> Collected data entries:
------------------------------------------------------------
(* Let $A$ be a commutative R$^*$-algebra and let $\widehat{A}$ be its norm completion (a commutative C$^*$-algebra). Then every projection of $\widehat{A}$ belongs to $A$. Consequently, if $K$ is a locally compact Hausdorff space with $\widehat{A}\cong C_0(K)$, then $K$ is zero-dimensional, and the generalized Boolean algebra of compact open subsets of $K$ is lattice isomorphic to $\mathcal{P}(A)$ (via the identification of projections in $C_0(K)$ with characteristic functions of compact open sets).
   Context: An R$^*$-algebra is a (not necessarily closed) $^*$-subalgebra $A$ of $B(H)$, $H$ a complex Hilbert space, such that every self-adjoint element of $A$ has finite spectrum; it is normed by the operator norm. $\mathcal{P}(A)$ is the lattice of projections $p=p^2=p^*$ in $A$ ordered by $p\le q$ iff $pq=p$. $C_0(K)$ is the C$^*$-algebra of continuous functions on $K$ vanishing at infinity. *)

theory Defs
  imports "HOL-Analysis.Analysis"
begin

definition hnorm :: "('h \<Rightarrow> 'h \<Rightarrow> complex) \<Rightarrow> 'h \<Rightarrow> real" where
  "hnorm ip x = sqrt (Re (ip x x))"

definition complex_hilbert_space ::
  "(complex \<Rightarrow> 'h::ab_group_add \<Rightarrow> 'h) \<Rightarrow> ('h \<Rightarrow> 'h \<Rightarrow> complex) \<Rightarrow> bool" where
  "complex_hilbert_space sc ip \<longleftrightarrow>
     (\<forall>a x y. sc a (x + y) = sc a x + sc a y) \<and>
     (\<forall>a b x. sc (a + b) x = sc a x + sc b x) \<and>
     (\<forall>a b x. sc a (sc b x) = sc (a * b) x) \<and>
     (\<forall>x. sc 1 x = x) \<and>
     (\<forall>x y z. ip (x + y) z = ip x z + ip y z) \<and>
     (\<forall>a x y. ip (sc a x) y = a * ip x y) \<and>
     (\<forall>x y. ip y x = cnj (ip x y)) \<and>
     (\<forall>x. Im (ip x x) = 0 \<and> Re (ip x x) \<ge> 0) \<and>
     (\<forall>x. ip x x = 0 \<longrightarrow> x = 0) \<and>
     (\<forall>X :: nat \<Rightarrow> 'h.
        (\<forall>e>0. \<exists>N. \<forall>m\<ge>N. \<forall>n\<ge>N. hnorm ip (X m - X n) < e) \<longrightarrow>
        (\<exists>L. (\<lambda>n. hnorm ip (X n - L)) \<longlonglongrightarrow> 0))"

definition bops ::
  "(complex \<Rightarrow> 'h::ab_group_add \<Rightarrow> 'h) \<Rightarrow> ('h \<Rightarrow> 'h \<Rightarrow> complex) \<Rightarrow> ('h \<Rightarrow> 'h) set" where
  "bops sc ip = {T. (\<forall>x y. T (x + y) = T x + T y) \<and> (\<forall>a x. T (sc a x) = sc a (T x)) \<and>
                    (\<exists>C. \<forall>x. hnorm ip (T x) \<le> C * hnorm ip x)}"

definition opnorm :: "('h \<Rightarrow> 'h \<Rightarrow> complex) \<Rightarrow> ('h \<Rightarrow> 'h) \<Rightarrow> real" where
  "opnorm ip T = Sup {hnorm ip (T x) | x. hnorm ip x \<le> 1}"

definition adj :: "('h \<Rightarrow> 'h \<Rightarrow> complex) \<Rightarrow> ('h \<Rightarrow> 'h) \<Rightarrow> ('h \<Rightarrow> 'h)" where
  "adj ip T = (THE S. \<forall>x y. ip (T x) y = ip x (S y))"

definition op_spectrum ::
  "(complex \<Rightarrow> 'h::ab_group_add \<Rightarrow> 'h) \<Rightarrow> ('h \<Rightarrow> 'h \<Rightarrow> complex) \<Rightarrow> ('h \<Rightarrow> 'h) \<Rightarrow> complex set" where
  "op_spectrum sc ip T = {l. \<not> (\<exists>S\<in>bops sc ip.
       (\<forall>x. S (T x - sc l x) = x) \<and> (\<forall>x. T (S x) - sc l (S x) = x))}"

definition star_subalgebra ::
  "(complex \<Rightarrow> 'h::ab_group_add \<Rightarrow> 'h) \<Rightarrow> ('h \<Rightarrow> 'h \<Rightarrow> complex) \<Rightarrow> ('h \<Rightarrow> 'h) set \<Rightarrow> bool" where
  "star_subalgebra sc ip A \<longleftrightarrow> A \<subseteq> bops sc ip \<and> (\<lambda>x. 0) \<in> A \<and>
     (\<forall>a\<in>A. \<forall>b\<in>A. (\<lambda>x. a x + b x) \<in> A) \<and>
     (\<forall>a\<in>A. \<forall>c. (\<lambda>x. sc c (a x)) \<in> A) \<and>
     (\<forall>a\<in>A. \<forall>b\<in>A. a \<circ> b \<in> A) \<and>
     (\<forall>a\<in>A. adj ip a \<in> A)"

definition R_star_algebra ::
  "(complex \<Rightarrow> 'h::ab_group_add \<Rightarrow> 'h) \<Rightarrow> ('h \<Rightarrow> 'h \<Rightarrow> complex) \<Rightarrow> ('h \<Rightarrow> 'h) set \<Rightarrow> bool" where
  "R_star_algebra sc ip A \<longleftrightarrow> star_subalgebra sc ip A \<and>
     (\<forall>a\<in>A. adj ip a = a \<longrightarrow> finite (op_spectrum sc ip a))"

definition commutative_ops :: "('h \<Rightarrow> 'h) set \<Rightarrow> bool" where
  "commutative_ops A \<longleftrightarrow> (\<forall>a\<in>A. \<forall>b\<in>A. a \<circ> b = b \<circ> a)"

text \<open>The norm completion of A, realised as the operator-norm closure of A inside B(H).\<close>
definition norm_closure ::
  "(complex \<Rightarrow> 'h::ab_group_add \<Rightarrow> 'h) \<Rightarrow> ('h \<Rightarrow> 'h \<Rightarrow> complex) \<Rightarrow> ('h \<Rightarrow> 'h) set \<Rightarrow> ('h \<Rightarrow> 'h) set" where
  "norm_closure sc ip A = {T\<in>bops sc ip. \<forall>e>0. \<exists>a\<in>A. opnorm ip (\<lambda>x. T x - a x) < e}"

definition is_projection :: "('h \<Rightarrow> 'h \<Rightarrow> complex) \<Rightarrow> ('h \<Rightarrow> 'h) \<Rightarrow> bool" where
  "is_projection ip p \<longleftrightarrow> p \<circ> p = p \<and> adj ip p = p"

definition projections ::
  "('h \<Rightarrow> 'h \<Rightarrow> complex) \<Rightarrow> ('h \<Rightarrow> 'h) set \<Rightarrow> ('h \<Rightarrow> 'h) set" where
  "projections ip A = {p\<in>A. is_projection ip p}"

definition proj_le :: "('h \<Rightarrow> 'h) \<Rightarrow> ('h \<Rightarrow> 'h) \<Rightarrow> bool" where
  "proj_le p q \<longleftrightarrow> p \<circ> q = p"

definition C0 :: "('k::topological_space \<Rightarrow> complex) set" where
  "C0 = {f. continuous_on UNIV f \<and> (\<forall>e>0. compact {x. norm (f x) \<ge> e})}"

definition star_iso_onto_C0 ::
  "(complex \<Rightarrow> 'h::ab_group_add \<Rightarrow> 'h) \<Rightarrow> ('h \<Rightarrow> 'h \<Rightarrow> complex) \<Rightarrow> ('h \<Rightarrow> 'h) set
    \<Rightarrow> (('h \<Rightarrow> 'h) \<Rightarrow> ('k::topological_space \<Rightarrow> complex)) \<Rightarrow> bool" where
  "star_iso_onto_C0 sc ip B \<Phi> \<longleftrightarrow> bij_betw \<Phi> B C0 \<and>
     (\<forall>a\<in>B. \<forall>b\<in>B. \<Phi> (\<lambda>x. a x + b x) = (\<lambda>t. \<Phi> a t + \<Phi> b t)) \<and>
     (\<forall>a\<in>B. \<forall>c. \<Phi> (\<lambda>x. sc c (a x)) = (\<lambda>t. c * \<Phi> a t)) \<and>
     (\<forall>a\<in>B. \<forall>b\<in>B. \<Phi> (a \<circ> b) = (\<lambda>t. \<Phi> a t * \<Phi> b t)) \<and>
     (\<forall>a\<in>B. \<Phi> (adj ip a) = (\<lambda>t. cnj (\<Phi> a t)))"

definition zero_dimensional_space :: "'k::topological_space itself \<Rightarrow> bool" where
  "zero_dimensional_space _ \<longleftrightarrow>
     (\<forall>U x. open (U::'k set) \<and> x \<in> U \<longrightarrow> (\<exists>V. open V \<and> closed V \<and> x \<in> V \<and> V \<subseteq> U))"

end

(* Let p be a projection in the closure of A and approximate it within 1/2 by a
   self-adjoint b in A. Since A is an R*-algebra, the spectrum S of b is finite and real,
   and the polynomial prod_{s in S + {0}} (X - s) annihilates b: its value at b is
   self-adjoint with no nonzero spectrum, whereas a nonzero self-adjoint operator T has
   ||T|| or -||T|| in its spectrum. Hence polynomials in b only depend on their values on
   S + {0}, and interpolating the indicator function of (1/2, oo) yields a projection q,
   a polynomial in b without constant term, so q lies in A. It commutes with p, and
   comparing the quadratic form of b, which is within 1/2 of that of p, on the ranges and
   kernels of p and q shows p = q.

   A *-isomorphism Phi onto C_0(K) sends projections to idempotent functions, i.e. to
   indicators of compact open sets, and for self-adjoint T every nonzero value of Phi T
   lies in the spectrum of T (bump functions around the value give approximate
   eigenvectors). To separate a point x from the complement of an open set U, approximate
   a Urysohn function for x and U by Phi b with b self-adjoint in A: the nonzero values
   of Phi b lie in the finite spectrum of b, so {Phi b > 1/2} is a clopen neighbourhood
   of x inside U. *)

theory Submission
  imports Defs "HOL-Computational_Algebra.Fundamental_Theorem_Algebra"
begin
------------------------------------------------------------
> About this exercise: Output the lines of the records above exactly as they appear, from the line containing "indicators of compact" through the line containing "of x inside U. *)".

> Solution to this problem:
   indicators of compact open sets, and for self-adjoint T every nonzero value of Phi T
   lies in the spectrum of T (bump functions around the value give approximate
   eigenvectors). To separate a point x from the complement of an open set U, approximate
   a Urysohn function for x and U by Phi b with b self-adjoint in A: the nonzero values
   of Phi b lie in the finite spectrum of b, so {Phi b > 1/2} is a clopen neighbourhood
   of x inside U. *)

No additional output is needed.